# Lucid Dreaming > Attaining Lucidity > Wake Initiated Lucid Dreams (WILD) >  >  Fast Heartbeat when trying to lucid dream?

## iTzxZac

Okay so i recently was trying to figure out how to remember my dreams because i haven't remembered one in months and came across lucid dreaming and tried a method ware i lay still in my bed and i try to let my body fall asleep but i keep myself awake. My body started to vibrate a lot and when i breathed it felt like sand was falling down my stomach each time and my body was a lot heaver. My heartbeat got VERY FAST while doing this and this caused me to freak out and stop myself from doing it. So is my heartbeat getting VERY FAST normal when trying to lucid dream for the first time? Also if it is normal was i close to a lucid dream at all?

----------


## paigeyemps

Hi, welcome to DreamViews!

What you attempted was a WILD (Wake Initiated Lucid Dream). The vibrations and feelings you experiences are normal bodily sensations that may or may not accompany a WILD attempt. These sensations are normal as your body is falling asleep. Many people have these, while others do not. Keep in mind though that it is not necessary to have these sensations in order to achieve a WILD. Others can get lucid without ever feeling anything. Some common experiences may also include hypnagogic hallucinations, which can come visually, or auditorily, or basically any senses. I'm not sure if that was close to a lucid dream, but you're on your way. You can use those sensations as a milestone to let you know your body is falling asleep, but it is not completely necessary if you don't feel them.

There are also other ways to induce a lucid dream, besides the aforementioned method. Check out http://www.dreamviews.com/f20/beginn...eaming-124786/

Hope this clears a few things up. Good luck!  :smiley: 

If you have any questions, or have any ideas, feel free to share them with us.

----------


## iTzxZac

> Hi, welcome to DreamViews!
> 
> What you attempted was a WILD (Wake Initiated Lucid Dream). The vibrations and feelings you experiences are normal bodily sensations that may or may not accompany a WILD attempt. These sensations are normal as your body is falling asleep. Many people have these, while others do not. Keep in mind though that it is not necessary to have these sensations in order to achieve a WILD. Others can get lucid without ever feeling anything. Some common experiences may also include hypnagogic hallucinations, which can come visually, or auditorily, or basically any senses. I'm not sure if that was close to a lucid dream, but you're on your way. You can use those sensations as a milestone to let you know your body is falling asleep, but it is not completely necessary if you don't feel them.
> 
> There are also other ways to induce a lucid dream, besides the aforementioned method. Check out 
> 
> Hope this clears a few things up. Good luck! 
> 
> If you have any questions, or have any ideas, feel free to share them with us.

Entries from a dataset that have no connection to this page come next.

lemma rel6_image:
  assumes h: "ring_hom_ring FI B h" and B: "kalgebra B smB"
    and h_smult: "\<And>c X. X \<in> carrier FI \<Longrightarrow> h (free_inv_sm c X) = smB c (h X)"
  shows "h (rel6 sL br b k x y) = h (hat_i sL b (br x y))
    \<ominus>\<^bsub>B\<^esub> br6 B smB (h free_inv_q) k (h (hat_i sL b x)) (h (hat_i sL b y))"
proof -
  interpret h: ring_hom_ring FI B h by fact
  interpret F: kalgebra FI free_inv_sm by (rule kalgebra_free_inv)
  interpret B: kalgebra B smB by fact
  have regroup: "H \<ominus>\<^bsub>B\<^esub> a \<oplus>\<^bsub>B\<^esub> b' \<oplus>\<^bsub>B\<^esub> c \<ominus>\<^bsub>B\<^esub> d \<ominus>\<^bsub>B\<^esub> e \<oplus>\<^bsub>B\<^esub> f
      = H \<ominus>\<^bsub>B\<^esub> (a \<ominus>\<^bsub>B\<^esub> b' \<ominus>\<^bsub>B\<^esub> c \<oplus>\<^bsub>B\<^esub> d \<oplus>\<^bsub>B\<^esub> e \<ominus>\<^bsub>B\<^esub> f)"
    if "H \<in> carrier B" "a \<in> carrier B" "b' \<in> carrier B" "c \<in> carrier B" "d \<in> carrier B"
      "e \<in> carrier B" "f \<in> carrier B" for H a b' c d e f
    using that by algebra
  have "h (rel6 sL br b k x y) = h (hat_i sL b (br x y))
    \<ominus>\<^bsub>B\<^esub> h (hat_i sL b x) \<otimes>\<^bsub>B\<^esub> h (hat_i sL b y) \<oplus>\<^bsub>B\<^esub> h (hat_i sL b y) \<otimes>\<^bsub>B\<^esub> h (hat_i sL b x)
    \<oplus>\<^bsub>B\<^esub> h (hat_i sL b x) \<otimes>\<^bsub>B\<^esub> h (hat_i sL b y) \<otimes>\<^bsub>B\<^esub> h free_inv_q
    \<ominus>\<^bsub>B\<^esub> h (hat_i sL b y) \<otimes>\<^bsub>B\<^esub> h (hat_i sL b x) \<otimes>\<^bsub>B\<^esub> h free_inv_q
    \<ominus>\<^bsub>B\<^esub> smB k (h (hat_i sL b x) \<otimes>\<^bsub>B\<^esub> h free_inv_q \<otimes>\<^bsub>B\<^esub> h (hat_i sL b y))
    \<oplus>\<^bsub>B\<^esub> smB k (h (hat_i sL b y) \<otimes>\<^bsub>B\<^esub> h free_inv_q \<otimes>\<^bsub>B\<^esub> h (hat_i sL b x))"
    unfolding rel6_def Let_def
    by (simp add: a_minus_def h_smult hat_i_carrier free_inv_q_carrier)
  also have "\<dots> = h (hat_i sL b (br x y))
    \<ominus>\<^bsub>B\<^esub> br6 B smB (h free_inv_q) k (h (hat_i sL b x)) (h (hat_i sL b y))"
    unfolding br6_def by (rule regroup) (simp_all add: hat_i_carrier free_inv_q_carrier)
  finally show ?thesis .
qed

lemma ideal_rel_ideal: "ideal RR FI"
proof -
  interpret F: kalgebra FI free_inv_sm
    by (rule kalgebra_free_inv)
  show ?thesis
    unfolding rel_ideal_def rel6_def Let_def
    by (rule F.genideal_ideal) (auto simp: hat_i_carrier free_inv_q_carrier)
qed

lemma rel6_mem_rel_ideal: "rel6 sL br b k x y \<in> RR"
proof -
  interpret F: kalgebra FI free_inv_sm
    by (rule kalgebra_free_inv)
  have "{rel6 sL br b k x y |x y. True} \<subseteq> RR"
    unfolding rel_ideal_def
    by (rule F.genideal_self) (auto simp: rel6_def Let_def hat_i_carrier free_inv_q_carrier)
  then show ?thesis
    by blast
qed
(* Assume the Schanuel conjecture. Let $b\in\overline{\mathbb{Q}}\setminus\{0,1\}$ with a fixed logarithm $\ln b$, and let $a_1,\dots,a_m$ be a ladder with respect to $b$ such that $1,a_1,\dots,a_m$ are linearly independent over $\mathbb{Q}$. Then for each $k=1,\dots,m$ exactly one of $a_k,\,b^{a_k}$ is transcendental over $F_{k-1}$; denoting it $b_k$, the numbers $\ln b,b_1,\dots,b_m$ are algebraically independent over $\mathbb{Q}$. In particular $\ln b\notin\overline{F_m}$.
   Context: Schanuel conjecture: if $z_1,\dots,z_n\in\mathbb{C}$ are linearly independent over $\mathbb{Q}$, then the field $\mathbb{Q}(z_1,\dots,z_n,e^{z_1},\dots,e^{z_n})$ has transcendence degree at least $n$ over $\mathbb{Q}$ (at least $n$ of these $2n$ numbers are algebraically independent over $\mathbb{Q}$). $b^x:=e^{x\ln b}$ for the fixed nonzero value $\ln b$. $\overline{F}$ denotes the algebraic closure in $\mathbb{C}$ of a field $F$. Ladder: for $a_1,\dots,a_m\in\mathbb{C}$ put $F_0:=\mathbb{Q}$ and $F_k:=\mathbb{Q}(a_1,\dots,a_k,b^{a_1},\dots,b^{a_k})$; the sequence is a ladder if for every $1\le k\le m$, $a_k\in\overline{F_{k-1}}$ or $b^{a_k}\in\overline{F_{k-1}}$. *)

theory Defs
  imports "HOL-Analysis.Analysis" "HOL-Computational_Algebra.Polynomial" "HOL-Library.Poly_Mapping"
begin

definition mpoly_eval :: "((nat \<Rightarrow>\<^sub>0 nat) \<Rightarrow>\<^sub>0 rat) \<Rightarrow> (nat \<Rightarrow> complex) \<Rightarrow> complex" where
  "mpoly_eval p x = (\<Sum>\<mu>\<in>Poly_Mapping.keys p. of_rat (Poly_Mapping.lookup p \<mu>) * (\<Prod>i\<in>Poly_Mapping.keys \<mu>. x i ^ Poly_Mapping.lookup \<mu> i))"

definition alg_indep_Q :: "nat set \<Rightarrow> (nat \<Rightarrow> complex) \<Rightarrow> bool" where
  "alg_indep_Q I x \<longleftrightarrow>
     (\<forall>p. (\<forall>mon\<in>Poly_Mapping.keys p. Poly_Mapping.keys mon \<subseteq> I) \<longrightarrow> mpoly_eval p x = 0 \<longrightarrow> p = 0)"

definition lin_indep_Q :: "nat \<Rightarrow> (nat \<Rightarrow> complex) \<Rightarrow> bool" where
  "lin_indep_Q n z \<longleftrightarrow>
     (\<forall>q :: nat \<Rightarrow> rat. (\<Sum>i<n. of_rat (q i) * z i) = 0 \<longrightarrow> (\<forall>i<n. q i = 0))"

definition Schanuel_conjecture :: bool where
  "Schanuel_conjecture \<longleftrightarrow>
     (\<forall>n (z :: nat \<Rightarrow> complex). lin_indep_Q n z \<longrightarrow>
        (\<exists>S \<subseteq> {..<2*n}. card S = n \<and>
           alg_indep_Q S (\<lambda>i. if i < n then z i else exp (z (i - n)))))"

definition subfield_C :: "complex set \<Rightarrow> bool" where
  "subfield_C F \<longleftrightarrow> 0 \<in> F \<and> 1 \<in> F \<and> (\<forall>x\<in>F. \<forall>y\<in>F. x + y \<in> F \<and> x * y \<in> F)
      \<and> (\<forall>x\<in>F. - x \<in> F \<and> inverse x \<in> F)"

definition gen_field :: "complex set \<Rightarrow> complex set" where
  "gen_field S = \<Inter> {F. subfield_C F \<and> S \<subseteq> F}"

definition alg_over :: "complex set \<Rightarrow> complex \<Rightarrow> bool" where
  "alg_over F x \<longleftrightarrow> (\<exists>p :: complex poly. p \<noteq> 0 \<and> (\<forall>i. coeff p i \<in> F) \<and> poly p x = 0)"

text \<open>b^x := exp (x * L) for the fixed logarithm L of b.
  F_k = Q(a_1..a_k, b^a_1..b^a_k).\<close>
definition cpow_L :: "complex \<Rightarrow> complex \<Rightarrow> complex" where
  "cpow_L L x = exp (x * L)"

definition ladder_field :: "complex \<Rightarrow> (nat \<Rightarrow> complex) \<Rightarrow> nat \<Rightarrow> complex set" where
  "ladder_field L a k = gen_field (a ` {1..k} \<union> (\<lambda>i. cpow_L L (a i)) ` {1..k})"

definition is_ladder :: "complex \<Rightarrow> (nat \<Rightarrow> complex) \<Rightarrow> nat \<Rightarrow> bool" where
  "is_ladder L a m \<longleftrightarrow> (\<forall>k\<in>{1..m}. alg_over (ladder_field L a (k - 1)) (a k)
                                  \<or> alg_over (ladder_field L a (k - 1)) (cpow_L L (a k)))"

end

theory Submission
  imports Defs "HOL-Algebra.Algebraic_Closure_Type"
begin

text \<open>Schanuel's conjecture applied to \<open>ln b, a\<^sub>1 ln b, \<dots>, a\<^sub>m ln b\<close>, which are linearly
  independent over \<open>\<rat>\<close> because \<open>1, a\<^sub>1, \<dots>, a\<^sub>m\<close> are, says that these numbers and their
  exponentials \<open>b, b\<^bsup>a\<^sub>1\<^esup>, \<dots>, b\<^bsup>a\<^sub>m\<^esup>\<close> generate a field of transcendence degree at
  least \<open>m + 1\<close>. Since \<open>b\<close> is algebraic and, climbing the ladder, \<open>F\<^sub>k\<close> is algebraic over
  \<open>\<rat>(b\<^sub>1, \<dots>, b\<^sub>k)\<close>, all of them are algebraic over \<open>\<rat>(ln b, b\<^sub>1, \<dots>, b\<^sub>m)\<close>. By the
  Steinitz exchange lemma no one of these \<open>m + 1\<close> generators can then be algebraic over the
  others. That is their algebraic independence; it also rules out that both \<open>a\<^sub>k\<close> and
  \<open>b\<^bsup>a\<^sub>k\<^esup>\<close> are algebraic over \<open>F\<^sub>k\<^sub>-\<^sub>1\<close> (then \<open>b\<^sub>k\<close> would be algebraic over
  \<open>b\<^sub>1, \<dots>, b\<^sub>k\<^sub>-\<^sub>1\<close>), and that \<open>ln b\<close> is algebraic over \<open>F\<^sub>m\<close>.\<close>

section \<open>Subfields of the complex numbers\<close>

context
  fixes F assumes F: "subfield_C F"
begin

lemma subfield_C_zero: "0 \<in> F" and subfield_C_one: "1 \<in> F"
  using F by (auto simp: subfield_C_def)

lemma subfield_C_add: "x \<in> F \<Longrightarrow> y \<in> F \<Longrightarrow> x + y \<in> F"
  using F by (auto simp: subfield_C_def)

lemma subfield_C_mult: "x \<in> F \<Longrightarrow> y \<in> F \<Longrightarrow> x * y \<in> F"
  using F by (auto simp: subfield_C_def)

lemma subfield_C_uminus: "x \<in> F \<Longrightarrow> - x \<in> F"
  using F by (auto simp: subfield_C_def)

lemma subfield_C_inverse: "x \<in> F \<Longrightarrow> inverse x \<in> F"
  using F by (auto simp: subfield_C_def)

lemma subfield_C_divide: "x \<in> F \<Longrightarrow> y \<in> F \<Longrightarrow> x / y \<in> F"
  using subfield_C_mult[of x "inverse y"] subfield_C_inverse[of y] by (simp add: divide_inverse)

lemma subfield_C_power: "x \<in> F \<Longrightarrow> x ^ n \<in> F"
  by (induction n) (auto intro: subfield_C_one subfield_C_mult)

lemma subfield_C_sum: "(\<And>i. i \<in> I \<Longrightarrow> f i \<in> F) \<Longrightarrow> sum f I \<in> F"
  by (induction I rule: infinite_finite_induct) (auto intro: subfield_C_zero subfield_C_add)

lemma subfield_C_prod: "(\<And>i. i \<in> I \<Longrightarrow> f i \<in> F) \<Longrightarrow> prod f I \<in> F"
  by (induction I rule: infinite_finite_induct) (auto intro: subfield_C_one subfield_C_mult)

lemma subfield_C_of_nat: "of_nat n \<in> F"
  by (induction n) (auto intro: subfield_C_zero subfield_C_one subfield_C_add)

lemma subfield_C_of_int: "of_int k \<in> F"
  using subfield_C_of_nat[of "nat k"] subfield_C_uminus[OF subfield_C_of_nat[of "nat (- k)"]]
  by (cases "k \<ge> 0") simp_all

Good to know its common. I think i'm going to try it again tomorrow night and when my heartbeat gets very fast all just keep going and ignore it and just see if something happens.

----------


## gab

Many people report fast heartbeat and also breathing. It could have something to do with being near or in dream state. Our heart beat elevates when we dream.

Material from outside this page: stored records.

lemma card_Lin_descent:
  assumes r: "2 \<le> r" and small: "4 * (m * ((r choose 2) * ((n - 2) choose (r - 2)))) \<le> n choose r"
  shows "i \<le> m \<Longrightarrow> (3 * (n choose r)) ^ i * card (Lin r n (m - i)) \<le> (4 * m) ^ i * card (Lin r n m)"
proof (induction i)
  case 0
  then show ?case by simp
next
  case (Suc i)
  have "(3 * (n choose r)) ^ Suc i * card (Lin r n (m - Suc i))
      = (3 * (n choose r)) ^ i * (3 * (n choose r) * card (Lin r n (m - Suc i)))" by simp
  also have "\<dots> \<le> (3 * (n choose r)) ^ i * (4 * m * card (Lin r n (m - i)))"
    using card_Lin_ratio[OF r _ small, of "m - Suc i"] Suc.prems by (simp add: Suc_diff_Suc)
  also have "\<dots> = 4 * m * ((3 * (n choose r)) ^ i * card (Lin r n (m - i)))" by simp
  also have "\<dots> \<le> 4 * m * ((4 * m) ^ i * card (Lin r n m))"
    using Suc by simp
  also have "\<dots> = (4 * m) ^ Suc i * card (Lin r n m)" by simp
  finally show ?case .
qed

lemma overlap_count_le_quarter_choose:
  assumes r: "2 \<le> r" and n: "2 \<le> n" and small: "4 * real m * real r ^ 4 \<le> real n ^ 2"
  shows "4 * (m * ((r choose 2) * ((n - 2) choose (r - 2)))) \<le> n choose r"
proof -
  define N where "N = real (n choose r)"
  define Q where "Q = real (r choose 2)"
  define P where "P = real ((n - 2) choose (r - 2))"
  define R where "R = real r * (real r - 1)"
  have Q: "2 * Q = R"
  proof -
    have "real (2 * (r choose 2)) = real (r * (r - 1))"
      using times_binomial_minus1_eq[of 2 r] by simp
    then show ?thesis unfolding Q_def R_def using r by (simp add: of_nat_diff)
  qed
  have P: "real n * (real n - 1) * P = R * N"
  proof -
    have "real (n * (n - 1) * ((n - 2) choose (r - 2))) = real (r * (r - 1) * (n choose r))"
      using binomial_two_step[OF r] by (simp only:)
    then show ?thesis unfolding P_def R_def N_def using r n by (simp add: of_nat_diff)
  qed
  have R: "R ^ 2 \<le> real r ^ 4"
  proof -
    have "R \<le> real r ^ 2" "0 \<le> R" unfolding R_def using r by (auto simp: power2_eq_square)
    then have "R ^ 2 \<le> (real r ^ 2) ^ 2" by (rule power_mono)
    then show ?thesis by simp
  qed
  have N0: "0 \<le> N" unfolding N_def by simp
  have "2 * (real n * (real n - 1)) * (4 * real m * Q * P)
      = 4 * real m * (2 * Q) * (real n * (real n - 1) * P)" by (simp only: mult_ac)
  also have "\<dots> = 4 * real m * R ^ 2 * N" unfolding Q P by (simp add: power2_eq_square mult_ac)
  also have "\<dots> \<le> 4 * real m * real r ^ 4 * N"
    using R N0 by (intro mult_right_mono mult_left_mono) auto
  also have "\<dots> \<le> real n ^ 2 * N" using small N0 by (rule mult_right_mono)
  also have "\<dots> \<le> 2 * (real n * (real n - 1)) * N"
    using n N0 by (intro mult_right_mono) (auto simp: power2_eq_square algebra_simps)
  finally have "2 * (real n * (real n - 1)) * (4 * real m * Q * P) \<le> 2 * (real n * (real n - 1)) * N" .
  moreover have "0 < 2 * (real n * (real n - 1))" using n by simp
  ultimately have "4 * real m * Q * P \<le> N" by (rule mult_left_le_imp_le)
  then have "real (4 * (m * ((r choose 2) * ((n - 2) choose (r - 2))))) \<le> real (n choose r)"
    unfolding N_def Q_def P_def by (simp add: mult.assoc)
  then show ?thesis by (simp only: of_nat_le_iff)
qed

Another explanation I have heard is that it's just an illusion. It's a heart chakra getting more active at that moment.

It could also be, because we get excided, as we start having hallucinations or vibrations and we know we are nearing lucid dream.

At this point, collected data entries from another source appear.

(* Let $P$ be a property that is a necessary condition for the existence of a perfect factor, i.e. for every $(G',f')\in\mathcal C$ such that $G'$ has a perfect $f'$-factor we have $P(G',f')$. Let $\kappa$ be an infinite cardinal and $(G,f)\in\mathcal C$ with $|V(G)|=\kappa^+$. If $G$ possesses a perfect $f$-factor, then $(G,f)$ is not $P$-destructed.
   Context: A graph is $G=(V,E)$ with $V$ a nonempty set and $E\subseteq\{e\subseteq V:|e|=2\}$. For $F\subseteq E$ and $x\in V$, $d_F(x)$ is the cardinal $|\{e\in F:x\in e\}|$. For $f:V\to$ Cardinals, an $f$-factor of $G$ is $F\subseteq E$ with $d_F(x)\le f(x)$ for all $x$; it is perfect if $d_F(x)=f(x)$ for all $x$; $f^{-1}(\lambda)=\{x\in V:f(x)=\lambda\}$. $\mathcal C$ is the class of all pairs $(G,f)$ with $G=(V,E)$ a graph, $f:V\to$ Cardinals, and $f(x)\le d_E(x)$ for all $x\in V$. A property $P$ is a class of pairs; $P(G,f)$ (also "$(G,f)$ fulfills $P$") means that $(G,f)\in\mathcal C$ and $(G,f)$ has property $P$. Destructions: let $(G,f)\in\mathcal C$, $G=(V,E)$, $|V|=\kappa^+$ for an infinite cardinal $\kappa$. Let $(A_\alpha)_{\alpha<\kappa^+}$ be an increasing continuous sequence (i.e. $A_\lambda=\bigcup_{\alpha<\lambda}A_\alpha$ for limit $\lambda$) of subsets of $V$ with $|A_\alpha|<\kappa^+$ for all $\alpha$ and $V=\bigcup_{\alpha<\kappa^+}A_\alpha$. For $\alpha<\kappa^+$ put $V_\alpha=(V\setminus A_\alpha)\cup f^{-1}(\kappa^+)$, $E_\alpha=\{\{x,y\}\in E: x\in V_\alpha,\ y\in V\setminus A_\alpha\}$, $G_\alpha=(V_\alpha,E_\alpha)$, $f_\alpha=f\restriction V_\alpha$. For a property $P$, $(A_\alpha)_{\alpha<\kappa^+}$ is a $P$-destruction of $(G,f)$ if $S=\{\alpha<\kappa^+: P(G_\alpha,f_\alpha)\text{ fails}\}$ is stationary in $\kappa^+$; $(G,f)$ is $P$-destructed if some such sequence is a $P$-destruction of $(G,f)$. *)

theory Defs
  imports Main
begin

definition is_graph :: "'a set \<Rightarrow> 'a set set \<Rightarrow> bool" where
  "is_graph V E \<longleftrightarrow> V \<noteq> {} \<and> E \<subseteq> {e. \<exists>x y. x \<in> V \<and> y \<in> V \<and> x \<noteq> y \<and> e = {x, y}}"

(* d_F(x) is the cardinal |{e in F. x in e}| ; cardinal values f(x) are represented by sets f x,
   compared via card_of *)
definition inC :: "'a set \<Rightarrow> 'a set set \<Rightarrow> ('a \<Rightarrow> 'b set) \<Rightarrow> bool" where
  "inC V E f \<longleftrightarrow> is_graph V E \<and> (\<forall>x\<in>V. (card_of (f x), card_of {e\<in>E. x \<in> e}) \<in> ordLeq)"

definition perfect_factor :: "'a set \<Rightarrow> 'a set set \<Rightarrow> ('a \<Rightarrow> 'b set) \<Rightarrow> 'a set set \<Rightarrow> bool" where
  "perfect_factor V E f F \<longleftrightarrow> F \<subseteq> E \<and> (\<forall>x\<in>V. (card_of {e\<in>F. x \<in> e}, card_of (f x)) \<in> ordIso)"

definition fulfills :: "('a set \<Rightarrow> 'a set set \<Rightarrow> ('a \<Rightarrow> 'b set) \<Rightarrow> bool)
    \<Rightarrow> 'a set \<Rightarrow> 'a set set \<Rightarrow> ('a \<Rightarrow> 'b set) \<Rightarrow> bool" where
  "fulfills P V E f \<longleftrightarrow> inC V E f \<and> P V E f"

(* ordinals below kappa^+ are the elements of Field R for the well-order R = cardSuc (card_of K) *)
definition lessR :: "'c rel \<Rightarrow> 'c \<Rightarrow> 'c \<Rightarrow> bool" where
  "lessR R a b \<longleftrightarrow> (a, b) \<in> R \<and> a \<noteq> b"

definition is_limit :: "'c rel \<Rightarrow> 'c \<Rightarrow> bool" where
  "is_limit R a \<longleftrightarrow> a \<in> Field R \<and> (\<exists>b. lessR R b a)
     \<and> (\<forall>b. lessR R b a \<longrightarrow> (\<exists>c. lessR R b c \<and> lessR R c a))"

definition club :: "'c rel \<Rightarrow> 'c set \<Rightarrow> bool" where
  "club R C \<longleftrightarrow> C \<subseteq> Field R
     \<and> (\<forall>a\<in>Field R. \<exists>c\<in>C. lessR R a c)
     \<and> (\<forall>a. is_limit R a \<and> (\<forall>b. lessR R b a \<longrightarrow> (\<exists>c\<in>C. lessR R b c \<and> lessR R c a))
            \<longrightarrow> a \<in> C)"

definition stationary :: "'c rel \<Rightarrow> 'c set \<Rightarrow> bool" where
  "stationary R S \<longleftrightarrow> S \<subseteq> Field R \<and> (\<forall>C. club R C \<longrightarrow> S \<inter> C \<noteq> {})"

definition destr_seq :: "'k set \<Rightarrow> 'a set \<Rightarrow> ('k set \<Rightarrow> 'a set) \<Rightarrow> bool" where
  "destr_seq K V A \<longleftrightarrow>
     (\<forall>a\<in>Field (cardSuc (card_of K)). (card_of (A a), cardSuc (card_of K)) \<in> ordLess)
   \<and> (\<forall>a b. (a, b) \<in> cardSuc (card_of K) \<longrightarrow> A a \<subseteq> A b)
   \<and> (\<forall>a. is_limit (cardSuc (card_of K)) a \<longrightarrow> A a = \<Union>{A b |b. lessR (cardSuc (card_of K)) b a})
   \<and> V = \<Union>{A a |a. a \<in> Field (cardSuc (card_of K))}"

definition V_at :: "'k set \<Rightarrow> 'a set \<Rightarrow> ('a \<Rightarrow> 'b set) \<Rightarrow> 'a set \<Rightarrow> 'a set" where
  "V_at K V f Aa = (V - Aa) \<union> {x\<in>V. (card_of (f x), cardSuc (card_of K)) \<in> ordIso}"

definition E_at :: "'k set \<Rightarrow> 'a set \<Rightarrow> 'a set set \<Rightarrow> ('a \<Rightarrow> 'b set) \<Rightarrow> 'a set \<Rightarrow> 'a set set" where
  "E_at K V E f Aa = {e\<in>E. \<exists>x y. e = {x, y} \<and> x \<in> V_at K V f Aa \<and> y \<in> V - Aa}"

definition f_at :: "'k set \<Rightarrow> 'a set \<Rightarrow> ('a \<Rightarrow> 'b set) \<Rightarrow> 'a set \<Rightarrow> 'a \<Rightarrow> 'b set" where
  "f_at K V f Aa = (\<lambda>x. if x \<in> V_at K V f Aa then f x else {})"

definition is_P_destruction ::
  "('a set \<Rightarrow> 'a set set \<Rightarrow> ('a \<Rightarrow> 'b set) \<Rightarrow> bool) \<Rightarrow> 'k set
     \<Rightarrow> 'a set \<Rightarrow> 'a set set \<Rightarrow> ('a \<Rightarrow> 'b set) \<Rightarrow> ('k set \<Rightarrow> 'a set) \<Rightarrow> bool" where
  "is_P_destruction P K V E f A \<longleftrightarrow> destr_seq K V A \<and>
     stationary (cardSuc (card_of K))
       {a \<in> Field (cardSuc (card_of K)).
          \<not> fulfills P (V_at K V f (A a)) (E_at K V E f (A a)) (f_at K V f (A a))}"

definition P_destructed ::
  "('a set \<Rightarrow> 'a set set \<Rightarrow> ('a \<Rightarrow> 'b set) \<Rightarrow> bool) \<Rightarrow> 'k set
     \<Rightarrow> 'a set \<Rightarrow> 'a set set \<Rightarrow> ('a \<Rightarrow> 'b set) \<Rightarrow> bool" where
  "P_destructed P K V E f \<longleftrightarrow> (\<exists>A. is_P_destruction P K V E f A)"

end

theory Submission
  imports Defs
begin

(* Fix a perfect f-factor F and call B closed if every y in B with f(y) < kappa^+ has all its
   F-neighbours in B. If B is closed and |B| < kappa^+, then F restricted to E_B is a perfect
   f_B-factor of G_B: a vertex outside B keeps all of its F-edges, and a vertex in B with
   f = kappa^+ loses fewer than kappa^+ of its kappa^+ many F-edges. Vertices with f < kappa^+
   have fewer than kappa^+ neighbours, so, kappa^+ being regular and uncountable, the indices
   alpha with A_alpha closed form a club. It meets the stationary set of failures of P,
   which is impossible since P holds wherever a perfect factor exists. *)

unbundle cardinal_syntax

lemma lessR_trans:
  assumes "Card_order r" "lessR r a b" "lessR r b c"
  shows "lessR r a c"
  using assms Card_order_trans unfolding lessR_def by metis

lemma lessR_linear:
  assumes "Card_order r" "a \<in> Field r" "b \<in> Field r"
  shows "lessR r a b \<or> (b, a) \<in> r"
  using assms wo_rel.TOTALS[OF Card_order_wo_rel] wo_rel.REFL[OF Card_order_wo_rel]
  unfolding lessR_def refl_on_def by blast

lemma increasing_sequence_limit_sup:
  assumes r: "Card_order r" "regularCard r" "|UNIV :: nat set| <o r"
    and s: "range s \<subseteq> Field r" "\<And>n. lessR r (s n) (s (Suc n))"
  obtains c where "is_limit r c" "\<And>n. lessR r (s n) c"
    "\<And>b. lessR r b c \<Longrightarrow> \<exists>n. lessR r b (s n)"
proof -
  have wo: "wo_rel r" using r(1) by (rule Card_order_wo_rel)
  have "\<not> cofinal (range s) r"
  proof
    assume "cofinal (range s) r"
    hence "|range s| =o r" using r(2) s(1) unfolding regularCard_def by blast
    moreover have "|range s| <o r"
      using card_of_image[of s UNIV] r(3) ordLeq_ordLess_trans by blast
    ultimately show False using not_ordLess_ordIso by blast
  qed
  then obtain u where u: "u \<in> Field r" "\<And>n. \<not> lessR r u (s n)"
    unfolding cofinal_def lessR_def by blast
  define U where "U = {c \<in> Field r. \<forall>n. (s n, c) \<in> r}"
  have U: "U \<subseteq> Field r" "u \<in> U"
    using u s(1) lessR_linear[OF r(1)] unfolding U_def by blast+
  define c where "c = wo_rel.minim r U"
  have c: "c \<in> U" "\<And>x. x \<in> U \<Longrightarrow> (c, x) \<in> r"
    unfolding c_def using wo_rel.minim_in[OF wo U(1)] wo_rel.minim_least[OF wo U(1)] U(2) by blast+
  have above: "lessR r (s n) c" for n
  proof -
    have "(s (Suc n), c) \<in> r" using c(1) unfolding U_def by blast
    thus ?thesis using s(2)[of n] lessR_trans[OF r(1)] unfolding lessR_def by (cases "s (Suc n) = c") metis+
  qed
  have below: "\<exists>n. lessR r b (s n)" if b: "lessR r b c" for b
  proof -
    have bF: "b \<in> Field r" using b unfolding lessR_def by (blast intro: FieldI1)
    have "b \<notin> U" using c(2) b wo_rel.ANTISYM[OF wo] unfolding lessR_def antisym_def by blast
    then obtain n where "(s n, b) \<notin> r" using bF unfolding U_def by blast
    thus ?thesis using lessR_linear[OF r(1) bF] s(1) by blast
  qed
  have "is_limit r c"
    unfolding is_limit_def using c(1) above below lessR_trans[OF r(1)] U_def by blast
  with above below show thesis using that by blast
qed

locale filtration =
  fixes r :: "'c rel" and A :: "'c \<Rightarrow> 'a set" and V :: "'a set"
  assumes Cinfinite: "Cinfinite r" and regular: "regularCard r"
    and uncountable: "|UNIV :: nat set| <o r"
    and chain: "relChain r A"
    and continuous: "\<And>c. is_limit r c \<Longrightarrow> A c = \<Union>{A b |b. lessR r b c}"
    and small: "\<And>a. a \<in> Field r \<Longrightarrow> |A a| <o r"
    and union: "V = (\<Union>a\<in>Field r. A a)"
begin

lemma Card_order_r: "Card_order r"
  using Cinfinite by (simp add: cinfinite_def)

In either case, it happens naturally wheather we notice it (when WILDing) or not notice it (when falling asleep normally).

----------


## VictoReverie

I think the heartbeat actually does become faster. My heart is pumping irregularly/quickly/hard most times I DEILD, without experiencing any other hallucinations or vibrations

----------


## SiriusBlack

I was attempting to have my first WILD this morning and had exactly the same sensations.
My heart was beating faster, but it was still a very relaxed pace. It fell more like it was beating very strongly.

Going to try again tonight, haha.

----------